**What to do:** Collect all lines below with the string "Cons".

**Materials provided:**
lemma deviation_map_eq_if_not_prefix:
  assumes "prefix a s" "prefix a s'" "\<not> prefix a v" "length s = length s'"
  shows "deviation_map n s v = deviation_map n s' v"
  using assms
proof (induction a arbitrary: s s' v)
  case (Cons c a)
  obtain t t' where s: "s = c # t" "s' = c # t'" "prefix a t" "prefix a t'"
    using Cons.prems(1,2) by (auto simp: prefix_def)
  show ?case
  proof (cases v)
    case (Cons b w)
    show ?thesis
    proof (cases "b = c")
      case True
      then have "\<not> prefix a w" using Cons.prems(3) \<open>v = b # w\<close> by simp
      moreover have "length t = length t'" using Cons.prems(4) s by simp
      ultimately have "deviation_map n t w = deviation_map n t' w"
        using Cons.IH s(3,4) by blast
      then show ?thesis using s True \<open>v = b # w\<close> by simp
    qed (use s Cons.prems(4) \<open>v = b # w\<close> in simp)
  qed (simp add: s)
qed simp

definition deviation_oracle :: "nat \<Rightarrow> nat \<Rightarrow> nat list \<Rightarrow> nat list \<Rightarrow> nat list" where
  "deviation_oracle n k s x = (if x \<in> grid n k then deviation_map n s x else [])"

lemma grid_eq: "grid n k = {xs. set xs \<subseteq> {..<n} \<and> length xs = k}"
  unfolding grid_def by (fastforce simp: subset_eq in_set_conv_nth)

lemma finite_grid: "finite (grid n k)"
  unfolding grid_eq by (rule finite_lists_length_eq) simp

lemma card_grid: "card (grid n k) = n ^ k"
  unfolding grid_eq by (subst card_lists_length_eq) simp_all

lemma grid_mono: "m \<le> n \<Longrightarrow> grid m k \<subseteq> grid n k"
  unfolding grid_eq by auto

lemma tarski_input_deviation_oracle:
  assumes "s \<in> grid n k"
  shows "tarski_input n k (deviation_oracle n k s)"
proof -
  have s: "set s \<subseteq> {..<n}" "length s = k" using assms unfolding grid_eq by auto
  have "deviation_map n s x \<in> grid n k" if "x \<in> grid n k" for x
    using that s length_deviation_map set_deviation_map unfolding grid_eq by auto
  moreover have "cw_le (deviation_map n s x) (deviation_map n s y)"
    if "x \<in> grid n k" "cw_le x y" for x y
    using that s deviation_map_mono unfolding grid_eq cw_le_def by auto
  ultimately show ?thesis
    unfolding tarski_input_def deviation_oracle_def by auto
qed

lemma deviation_oracle_fixpoint:
  assumes "deviation_oracle n k s x = x" "x \<in> grid n k" "length s = k"
  shows "x = s"
proof (rule deviation_map_fixpoint)
  show "deviation_map n s x = x" using assms(1,2) by (simp add: deviation_oracle_def)
  show "length x = length s" using assms(2,3) by (simp add: grid_def)
qed

definition found_within :: "nat \<Rightarrow> nat \<Rightarrow> qtree \<Rightarrow> nat list \<Rightarrow> nat \<Rightarrow> nat list set" where
  "found_within n k t a d = {s \<in> grid 2 k. prefix a s \<and>
     fst (run (deviation_oracle n k s) t) = s \<and> snd (run (deviation_oracle n k s) t) \<le> d}"

lemma found_within_Ask_Suc_iff:
  "s \<in> found_within n k (Ask v g) a (Suc d) \<longleftrightarrow>
   s \<in> found_within n k (g (deviation_oracle n k s v)) a d"
  by (simp add: found_within_def split: prod.splits)

lemma found_within_subset_if_long: "k \<le> length a \<Longrightarrow> found_within n k t a d \<subseteq> {a}"
  unfolding found_within_def grid_eq prefix_def by auto

lemma found_within_subset_extensions:
  assumes "length a < k"
  shows "found_within n k t a d \<subseteq> (\<Union>c<2. found_within n k t (a @ [c]) d)"
proof
  fix s assume s: "s \<in> found_within n k t a d"
  then have "length s = k" "prefix a s" "set s \<subseteq> {..<2}"
    unfolding found_within_def grid_eq by auto
  then have "prefix (a @ [s ! length a]) s" "s ! length a < 2"
    using assms take_Suc_conv_app_nth[of "length a" s] take_is_prefix[of "Suc (length a)" s]
    by (auto simp: prefix_def subset_eq)
  then show "s \<in> (\<Union>c<2. found_within n k t (a @ [c]) d)"
    using s unfolding found_within_def by auto
qed

lemma finite_found_within: "finite (found_within n k t a d)"
  unfolding found_within_def using finite_grid by simp

lemma card_found_within_Ask_not_prefix:
  assumes IH: "\<And>y a. real (card (found_within n k (g y) a d)) \<le> 4 ^ d * (3/2) ^ (k - length a)"
    and "\<not> prefix a v"
  shows "real (card (found_within n k (Ask v g) a (Suc d))) \<le> 4 ^ d * (3/2) ^ (k - length a)"
proof -
  have "\<exists>y. found_within n k (Ask v g) a (Suc d) \<subseteq> found_within n k (g y) a d"
  proof (cases "found_within n k (Ask v g) a (Suc d) = {}")
    case False
    then obtain s0 where s0: "s0 \<in> found_within n k (Ask v g) a (Suc d)" by blast
    have "deviation_oracle n k s v = deviation_oracle n k s0 v"
      if "s \<in> found_within n k (Ask v g) a (Suc d)" for s
      using that s0 deviation_map_eq_if_not_prefix[OF _ _ assms(2)]
      unfolding found_within_def deviation_oracle_def grid_eq by auto
    then show ?thesis by (metis found_within_Ask_Suc_iff subsetI)
  qed simp
  then obtain y where "found_within n k (Ask v g) a (Suc d) \<subseteq> found_within n k (g y) a d" ..
  then have "card (found_within n k (Ask v g) a (Suc d)) \<le> card (found_within n k (g y) a d)"
    by (rule card_mono[OF finite_found_within])
  then show ?thesis using IH[of y a] by linarith
qed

**Answer box:**
  case (Cons c a)
    using Cons.prems(1,2) by (auto simp: prefix_def)
    case (Cons b w)
      then have "\<not> prefix a w" using Cons.prems(3) \<open>v = b # w\<close> by simp
      moreover have "length t = length t'" using Cons.prems(4) s by simp
        using Cons.IH s(3,4) by blast
    qed (use s Cons.prems(4) \<open>v = b # w\<close> in simp)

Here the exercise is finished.